As for proteins nutritional significance, wouldn't depend on your lifestyle and dietary requirements?

[–] jerkface@lemmy.ca 1 points 4 months ago (1 children)

I think it seems sort of arbitrary to classify foods by protein content as though it were critical to our nutrition. Like, we could classify foods by colour and then get concerned when we don't have enough purple food, and track how much purple per calorie or gram we get for each food, and publish charts on that basis, but it wouldn't be telling anyone anything they can actually use, no matter how much they might be concerned about getting enough purple. But the fashion might become, "you need purple food to have big muscles," and then people start thinking that charts that aren't arranged by colour are comparing arbitrarily different things.

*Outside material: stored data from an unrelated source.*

text \<open>The gauge of x is inf {r \<in> \<rat> : x \<le> r u}; the integer numerator of r = (k - j)/n is encoded
  by two natural numbers.\<close>
definition unit_gauge :: "'a \<Rightarrow> real" where
  "unit_gauge x = Inf {(real k - real j) / real n | n j k. 0 < n \<and> natmul n x + natmul j u \<le> natmul k u}"

lemma unit_gauge_le:
  assumes n: "0 < n" and le: "natmul n x + natmul j u \<le> natmul k u"
  shows "unit_gauge x \<le> (real k - real j) / real n"
  unfolding unit_gauge_def
proof (rule cInf_lower)
  obtain m where m: "- x \<le> natmul m u" using le_natmul_unit by blast
  have "- real m \<le> (real k - real j) / real n"
    if n: "0 < n" and le: "natmul n x + natmul j u \<le> natmul k u" for n j k
  proof -
    have "natmul n (- x) \<le> natmul (n * m) u" using natmul_mono[OF m] by (simp add: natmul_mult)
    with le have "natmul n x + natmul j u + natmul n (- x) \<le> natmul k u + natmul (n * m) u"
      by (rule add_mono)
    then have "natmul j u \<le> natmul (k + n * m) u"
      by (simp add: natmul_minus natmul_add_nat)
    then have "real j \<le> real k + real n * real m"
      by (simp add: natmul_unit_le_iff flip: of_nat_mult of_nat_add)
    with n show ?thesis by (simp add: le_divide_eq algebra_simps)
  qed
  then show "bdd_below {(real k - real j) / real n | n j k. 0 < n \<and> natmul n x + natmul j u \<le> natmul k u}"
    unfolding bdd_below_def by blast
qed (use assms in blast)

lemma unit_gauge_greatest:
  assumes "\<And>n j k. 0 < n \<Longrightarrow> natmul n x + natmul j u \<le> natmul k u \<Longrightarrow> c \<le> (real k - real j) / real n"
  shows "c \<le> unit_gauge x"
proof -
  obtain m where "x \<le> natmul m u" using le_natmul_unit by blast
  then have "natmul 1 x + natmul 0 u \<le> natmul m u" by simp
  then show ?thesis
    unfolding unit_gauge_def by (intro cInf_greatest) (use assms in blast)+
qed

lemma unit_gauge_less_imp:
  assumes "unit_gauge x < c"
  shows "\<exists>n j k. 0 < n \<and> natmul n x + natmul j u \<le> natmul k u \<and> (real k - real j) / real n < c"
proof (rule ccontr)
  assume "\<not> ?thesis"
  then have "c \<le> unit_gauge x" by (intro unit_gauge_greatest) (meson not_le)
  with assms show False by simp
qed

lemma unit_gauge_add: "unit_gauge (x + y) \<le> unit_gauge x + unit_gauge y"
proof -
  have pair: "unit_gauge (x + y) \<le> (real k1 - real j1) / real n1 + (real k2 - real j2) / real n2"
    if n1: "0 < n1" and l1: "natmul n1 x + natmul j1 u \<le> natmul k1 u"
      and n2: "0 < n2" and l2: "natmul n2 y + natmul j2 u \<le> natmul k2 u" for n1 j1 k1 n2 j2 k2
  proof -
    have "natmul n2 (natmul n1 x + natmul j1 u) + natmul n1 (natmul n2 y + natmul j2 u)
        \<le> natmul n2 (natmul k1 u) + natmul n1 (natmul k2 u)"
      by (intro add_mono natmul_mono l1 l2)
    then have "natmul (n1 * n2) (x + y) + natmul (n2 * j1 + n1 * j2) u \<le> natmul (n2 * k1 + n1 * k2) u"
      by (simp add: natmul_add natmul_add_nat natmul_mult[symmetric] algebra_simps)
    then have "unit_gauge (x + y) \<le> (real (n2 * k1 + n1 * k2) - real (n2 * j1 + n1 * j2)) / real (n1 * n2)"
      using n1 n2 by (intro unit_gauge_le) simp_all
    also have "\<dots> = (real k1 - real j1) / real n1 + (real k2 - real j2) / real n2"
      using n1 n2 by (simp add: field_simps)
    finally show ?thesis .
  qed
  have "unit_gauge (x + y) - (real k2 - real j2) / real n2 \<le> unit_gauge x"
    if "0 < n2" "natmul n2 y + natmul j2 u \<le> natmul k2 u" for n2 j2 k2
    using pair[OF _ _ that] by (intro unit_gauge_greatest) (simp add: algebra_simps)
  then have "unit_gauge (x + y) - unit_gauge x \<le> unit_gauge y"
    by (intro unit_gauge_greatest) (simp add: algebra_simps)
  then show ?thesis by simp
qed

lemma unit_gauge_natmul: "unit_gauge (natmul m x) = real m * unit_gauge x"
proof (cases "m = 0")
  case True
  have "unit_gauge 0 \<le> 0" using unit_gauge_le[of 1 0 0 0] by simp
  moreover have "0 \<le> unit_gauge 0"
    by (rule unit_gauge_greatest) (simp add: natmul_unit_le_iff)
  ultimately show ?thesis using True by simp
next
  case False
  then have m: "0 < m" by simp
  have "real m * unit_gauge x \<le> unit_gauge (natmul m x)"
  proof (rule unit_gauge_greatest)
    fix n j k assume n: "0 < n" and le: "natmul n (natmul m x) + natmul j u \<le> natmul k u"
    have "unit_gauge x \<le> (real k - real j) / real (n * m)"
      using n m le by (intro unit_gauge_le) (simp_all add: natmul_mult)
    then show "real m * unit_gauge x \<le> (real k - real j) / real n"
      using m n by (simp add: le_divide_eq field_simps)
  qed
  moreover have "unit_gauge (natmul m x) / real m \<le> unit_gauge x"
  proof (rule unit_gauge_greatest)
    fix n j k assume n: "0 < n" and le: "natmul n x + natmul j u \<le> natmul k u"
    have "natmul n (natmul m x) + natmul (m * j) u \<le> natmul (m * k) u"
      using natmul_mono[OF le, of m] by (simp add: natmul_add natmul_mult natmul_commute[of m n])
    then have "unit_gauge (natmul m x) \<le> (real (m * k) - real (m * j)) / real n"
      using n by (intro unit_gauge_le) simp_all
    then show "unit_gauge (natmul m x) / real m \<le> (real k - real j) / real n"
      using m n by (simp add: divide_le_eq field_simps)
  qed
  ultimately show ?thesis using m by (simp add: divide_le_eq mult.commute)
qed

lemma sublinear_unit_gauge: "sublinear unit_gauge"
  by (simp add: sublinear_def unit_gauge_add unit_gauge_natmul)

lemma state_if_dominated_by_unit_gauge:
  assumes add: "Modules.additive \<sigma>" and dom: "\<And>y. \<sigma> y \<le> unit_gauge y"
  shows "\<sigma> \<in> states u"
proof -
  have "\<sigma> u \<le> 1" using dom[of u] unit_gauge_le[of 1 u 0 1] by simp
  moreover have "\<sigma> (- u) \<le> - 1" using dom[of "- u"] unit_gauge_le[of 1 "- u" 1 0] by simp
  moreover have "0 \<le> \<sigma> g" if "0 \<le> g" for g
    using dom[of "- g"] unit_gauge_le[of 1 "- g" 0 0] that additive.minus[OF add, of g] by simp
  ultimately show ?thesis
    using additive.add[OF add] additive.minus[OF add, of u] by (simp add: states_def)
qed

lemma natmul_le_if_unit_gauge_less:
  assumes p: "0 < p" and q: "0 < q" and less: "unit_gauge g < real p / real q"
  shows "natmul q g \<le> natmul p u"
proof -
  obtain n j k where n: "0 < n" and le: "natmul n g + natmul j u \<le> natmul k u"
    and "(real k - real j) / real n < real p / real q"
    using unit_gauge_less_imp[OF less] by blast
  then have "real (q * k) < real (p * n + q * j)"
    using q by (simp add: divide_less_eq less_divide_eq field_simps)
  then have le_nat: "q * k \<le> p * n + q * j" by linarith
  have "natmul (q * n) g + natmul (q * j) u \<le> natmul (q * k) u"
    using natmul_mono[OF le, of q] by (simp add: natmul_add natmul_mult)
  also have "\<dots> \<le> natmul (p * n) u + natmul (q * j) u"
    using natmul_mono_nat[OF unit_nonneg le_nat] by (simp add: natmul_add_nat)
  finally have "0 \<le> natmul n (natmul p u - natmul q g)"
    by (simp add: natmul_diff natmul_mult natmul_commute[of _ n])
  then have "0 \<le> natmul p u - natmul q g" by (rule nonneg_if_natmul_nonneg[OF n])
  then show ?thesis by simp
qed

lemma exists_state_neq_0:
  assumes countable: "countable (UNIV :: 'a set)" and g: "g \<notin> infinitesimals u"
  shows "\<exists>\<sigma>\<in>states u. \<sigma> g \<noteq> 0"
proof -
  obtain p q :: nat where p: "0 < p" and q: "0 < q"
    and not_bounded: "\<not> (- natmul p u \<le> natmul q g \<and> natmul q g \<le> natmul p u)"
    using g unfolding infinitesimals_def by blast
  have "natmul q (- g) \<le> natmul p u \<longleftrightarrow> - natmul p u \<le> natmul q g"
    by (simp only: natmul_minus minus_le_iff)
  with not_bounded have "\<not> natmul q g \<le> natmul p u \<or> \<not> natmul q (- g) \<le> natmul p u"
    by blast
  then obtain w where w: "w = g \<or> w = - g" and "\<not> natmul q w \<le> natmul p u"
    by blast
  then have "real p / real q \<le> unit_gauge w"
    using natmul_le_if_unit_gauge_less[OF p q, of w] by (meson not_less)
  moreover have "0 < real p / real q" using p q by simp
  ultimately have "0 < unit_gauge w" by linarith
  obtain \<sigma> where add: "Modules.additive \<sigma>" and dom: "\<forall>y. \<sigma> y \<le> unit_gauge y" and "\<sigma> w = unit_gauge w"
    using countable_sublinear_extension[OF sublinear_unit_gauge countable] by blast
  with \<open>0 < unit_gauge w\<close> w have "\<sigma> g \<noteq> 0"
    using additive.minus[OF add, of g] by auto
  with state_if_dominated_by_unit_gauge[OF add] dom show ?thesis by blast
qed

end

lemma closed_states: "closed (states u)"
  unfolding states_def
  by (intro closed_Collect_conj closed_Collect_all closed_Collect_imp closed_Collect_eq closed_Collect_le
      open_Collect_const continuous_intros continuous_on_product_coordinates)

lemma compact_states:
  assumes "order_unit u"
  shows "compact (states u)"
proof -
  obtain N where N: "\<And>g. g \<le> natmul (N g) u"
    using assms unfolding order_unit_def by (metis diff_ge_0_iff_ge)
  define K where "K = PiE UNIV (\<lambda>g. {- real (N (- g)) .. real (N g)})"
  have "compactin (powertop_real UNIV) K"
    unfolding K_def by (simp add: compactin_PiE)
  then have "compact K" by (simp add: euclidean_product_topology)
  moreover have "states u \<subseteq> K"
  proof
    fix \<tau> assume \<tau>: "\<tau> \<in> states u"
    have "\<tau> g \<le> real (N g)" "- \<tau> g \<le> real (N (- g))" for g
      using state_le_natmul_unit[OF \<tau> N] additive.minus[OF state_additive[OF \<tau>]] by metis+
    then have "\<tau> g \<in> {- real (N (- g)) .. real (N g)}" for g
      by (metis atLeastAtMost_iff minus_le_iff)
    then show "\<tau> \<in> K" by (simp add: K_def PiE_iff)
  qed
  ultimately show ?thesis
    using compact_Int_closed[OF _ closed_states] by (metis inf.absorb_iff2)
qed

lemma convex_comb_in_states:
  assumes "\<tau> \<in> states u" and "\<sigma> \<in> states u" and "0 \<le> t" "t \<le> 1"
  shows "(\<lambda>h. (1 - t) * \<tau> h + t * \<sigma> h) \<in> states u"
proof -
  have "0 \<le> (1 - t) * \<tau> g + t * \<sigma> g" if "0 \<le> g" for g
    using assms that by (simp add: states_def)
  with assms show ?thesis by (simp add: states_def distrib_left add_ac)
qed

lemma states_subset_closure_neq_0:
  assumes \<sigma>: "\<sigma> \<in> states u" and \<sigma>g: "\<sigma> g \<noteq> 0"
  shows "states u \<subseteq> closure {\<tau> \<in> states u. \<tau> g \<noteq> 0}"
proof
  fix \<tau> assume \<tau>: "\<tau> \<in> states u"
  show "\<tau> \<in> closure {\<tau> \<in> states u. \<tau> g \<noteq> 0}"
  proof (cases "\<tau> g = 0")
    case False
    with \<tau> show ?thesis by (simp add: closure_def)
  next
    case True
    define \<gamma> where "\<gamma> t = (\<lambda>h. (1 - t) * \<tau> h + t * \<sigma> h)" for t :: real
    have "continuous_on UNIV \<gamma>"
      unfolding \<gamma>_def by (intro continuous_on_coordinatewise_then_product continuous_intros)
    then have "continuous (at_right 0) \<gamma>"
      by (simp add: continuous_on_eq_continuous_at continuous_at_imp_continuous_at_within)
    then have "(\<gamma> \<longlongrightarrow> \<tau>) (at_right 0)"
      by (simp add: continuous_within \<gamma>_def)
    moreover have "eventually (\<lambda>t. \<gamma> t \<in> closure {\<tau> \<in> states u. \<tau> g \<noteq> 0}) (at_right 0)"
    proof (rule eventually_mono[OF eventually_at_right_real[of 0 1]])
      fix t :: real assume "t \<in> {0<..<1}"
      then have "\<gamma> t \<in> {\<tau> \<in> states u. \<tau> g \<noteq> 0}"
        using convex_comb_in_states[OF \<tau> \<sigma>, of t] \<sigma>g True by (simp add: \<gamma>_def)
      then show "\<gamma> t \<in> closure {\<tau> \<in> states u. \<tau> g \<noteq> 0}"
        using closure_subset by (rule subsetD[rotated])
    qed simp
    ultimately show ?thesis
      using Lim_in_closed_set[OF closed_closure] trivial_limit_at_right_real by blast
  qed
qed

I know it sounds pretty wild and fringe, but have you ever seen or even heard of someone ever suffering from the consequences of insufficient protein in their diet who wasn't also suffering a massive calorie deficit? Every fitness store in the world sells protein, protein, protein, but they also sell a hundred other kinds of bunk. Have you ever heard someone say, "Wow, adding this protein REALLY increased my gains!" This space is really vulnerable to snake oil.

All our favorite health-based researchers tell us that the protein goals specified by body building culture are wildly beyond what the body actually uses.

[–] vikingtons@lemmy.world 1 points 4 months ago

Maybe I'm just conditioned to approach this like a utilitarian; I'll think about rough macros for my meals. I'll load up for legs, back & deadlift etc but I won't just go full send on spuds, (much as I love them).

I'll put my body though a lot every week, I can feel a difference between an 'ample' and less than optimal protein intake.

Not to say that I don't deeply appreciate the significance of decent carbs to fuel that exercise (rice, oats, potatoes etc).